(* For h = 1/n let C = P T(h) P.  On the range of P, n P (T(h) - 1) P acts as n (C - 1), so its
   exponential is the Poisson average  sum_k e^-n n^k/k! C^k.  One step C w differs from S(h) w by
   at most b^2 h^2/2 |w|, since T leaks out of and back into the range of P only at rate b; hence
   C^k y is within k b^2 h^2/2 |y| of S(kh) y.  The Poisson average of S(kh) y is then compared
   with S(1) y by a second-order expansion around k = n: the linear term cancels because the
   Poisson mean is n, and the quadratic remainder has Poisson weight n and size h^2 |(PLP)^2 y|.
   The total error is n (b^2 h^2 |y| + h^2 |(PLP)^2 y|)/2 = (b^2 |y| + |(PLP)^2 y|)/(2n). *)

section \<open>Monotonicity from one-sided Dini derivatives\<close>

lemma le_slope_by_right_Dini:
  fixes \<phi> :: "real \<Rightarrow> real"
  assumes ab: "a \<le> b" and cont: "continuous_on {a..b} \<phi>" and e: "e > 0"
    and right: "\<forall>t\<in>{a..<b}. \<forall>\<^sub>F s in at_right 0. \<phi> (t + s) \<le> \<phi> t + e * s"
  shows "\<phi> b \<le> \<phi> a + e * (b - a)"
proof -
  define F where "F = {a..b} \<inter> (\<lambda>u. \<phi> u - e * (u - a)) -` {..\<phi> a}"
  have "closed F"
    unfolding F_def
    by (intro continuous_closed_preimage continuous_intros cont closed_atLeastAtMost closed_atMost)
  moreover have "a \<in> F" "bdd_above F"
    using ab by (auto simp: F_def intro!: bdd_aboveI[of _ b])
  ultimately have c: "Sup F \<in> F"
    by (intro closed_contains_Sup) auto
  have "Sup F = b"
  proof (rule ccontr)
    assume "Sup F \<noteq> b"
    with c have "Sup F \<in> {a..<b}" by (auto simp: F_def)
    moreover have "\<forall>\<^sub>F s in at_right 0. s < b - Sup F"
      using \<open>Sup F \<in> {a..<b}\<close>
      by (auto simp: eventually_at_right_field intro!: exI[of _ "b - Sup F"])
    ultimately have
        "\<forall>\<^sub>F s in at_right 0. \<phi> (Sup F + s) \<le> \<phi> (Sup F) + e * s \<and> 0 < s \<and> s < b - Sup F"
      using right eventually_at_right_less by (intro eventually_conj) auto
    then obtain s where s: "\<phi> (Sup F + s) \<le> \<phi> (Sup F) + e * s" "0 < s" "s < b - Sup F"
      using eventually_happens'[OF trivial_limit_at_right_real] by blast
    with c have "Sup F + s \<in> F" by (auto simp: F_def algebra_simps)
    then have "Sup F + s \<le> Sup F"
      using \<open>bdd_above F\<close> by (rule cSup_upper)
    with s show False by simp
  qed
  with c show ?thesis by (auto simp: F_def algebra_simps)
qed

________________________________________

• **REQUIRED ACTION**
Would you mind copying all of the records exactly?

• **ANSWER TO THE EXERCISE**
(* For h = 1/n let C = P T(h) P.  On the range of P, n P (T(h) - 1) P acts as n (C - 1), so its
   exponential is the Poisson average  sum_k e^-n n^k/k! C^k.  One step C w differs from S(h) w by
   at most b^2 h^2/2 |w|, since T leaks out of and back into the range of P only at rate b; hence
   C^k y is within k b^2 h^2/2 |y| of S(kh) y.  The Poisson average of S(kh) y is then compared
   with S(1) y by a second-order expansion around k = n: the linear term cancels because the
   Poisson mean is n, and the quadratic remainder has Poisson weight n and size h^2 |(PLP)^2 y|.
   The total error is n (b^2 h^2 |y| + h^2 |(PLP)^2 y|)/2 = (b^2 |y| + |(PLP)^2 y|)/(2n). *)

section \<open>Monotonicity from one-sided Dini derivatives\<close>

lemma le_slope_by_right_Dini:
  fixes \<phi> :: "real \<Rightarrow> real"
  assumes ab: "a \<le> b" and cont: "continuous_on {a..b} \<phi>" and e: "e > 0"
    and right: "\<forall>t\<in>{a..<b}. \<forall>\<^sub>F s in at_right 0. \<phi> (t + s) \<le> \<phi> t + e * s"
  shows "\<phi> b \<le> \<phi> a + e * (b - a)"
proof -
  define F where "F = {a..b} \<inter> (\<lambda>u. \<phi> u - e * (u - a)) -` {..\<phi> a}"
  have "closed F"
    unfolding F_def
    by (intro continuous_closed_preimage continuous_intros cont closed_atLeastAtMost closed_atMost)
  moreover have "a \<in> F" "bdd_above F"
    using ab by (auto simp: F_def intro!: bdd_aboveI[of _ b])
  ultimately have c: "Sup F \<in> F"
    by (intro closed_contains_Sup) auto
  have "Sup F = b"
  proof (rule ccontr)
    assume "Sup F \<noteq> b"
    with c have "Sup F \<in> {a..<b}" by (auto simp: F_def)
    moreover have "\<forall>\<^sub>F s in at_right 0. s < b - Sup F"
      using \<open>Sup F \<in> {a..<b}\<close>
      by (auto simp: eventually_at_right_field intro!: exI[of _ "b - Sup F"])
    ultimately have
        "\<forall>\<^sub>F s in at_right 0. \<phi> (Sup F + s) \<le> \<phi> (Sup F) + e * s \<and> 0 < s \<and> s < b - Sup F"
      using right eventually_at_right_less by (intro eventually_conj) auto
    then obtain s where s: "\<phi> (Sup F + s) \<le> \<phi> (Sup F) + e * s" "0 < s" "s < b - Sup F"
      using eventually_happens'[OF trivial_limit_at_right_real] by blast
    with c have "Sup F + s \<in> F" by (auto simp: F_def algebra_simps)
    then have "Sup F + s \<le> Sup F"
      using \<open>bdd_above F\<close> by (rule cSup_upper)
    with s show False by simp
  qed
  with c show ?thesis by (auto simp: F_def algebra_simps)
qed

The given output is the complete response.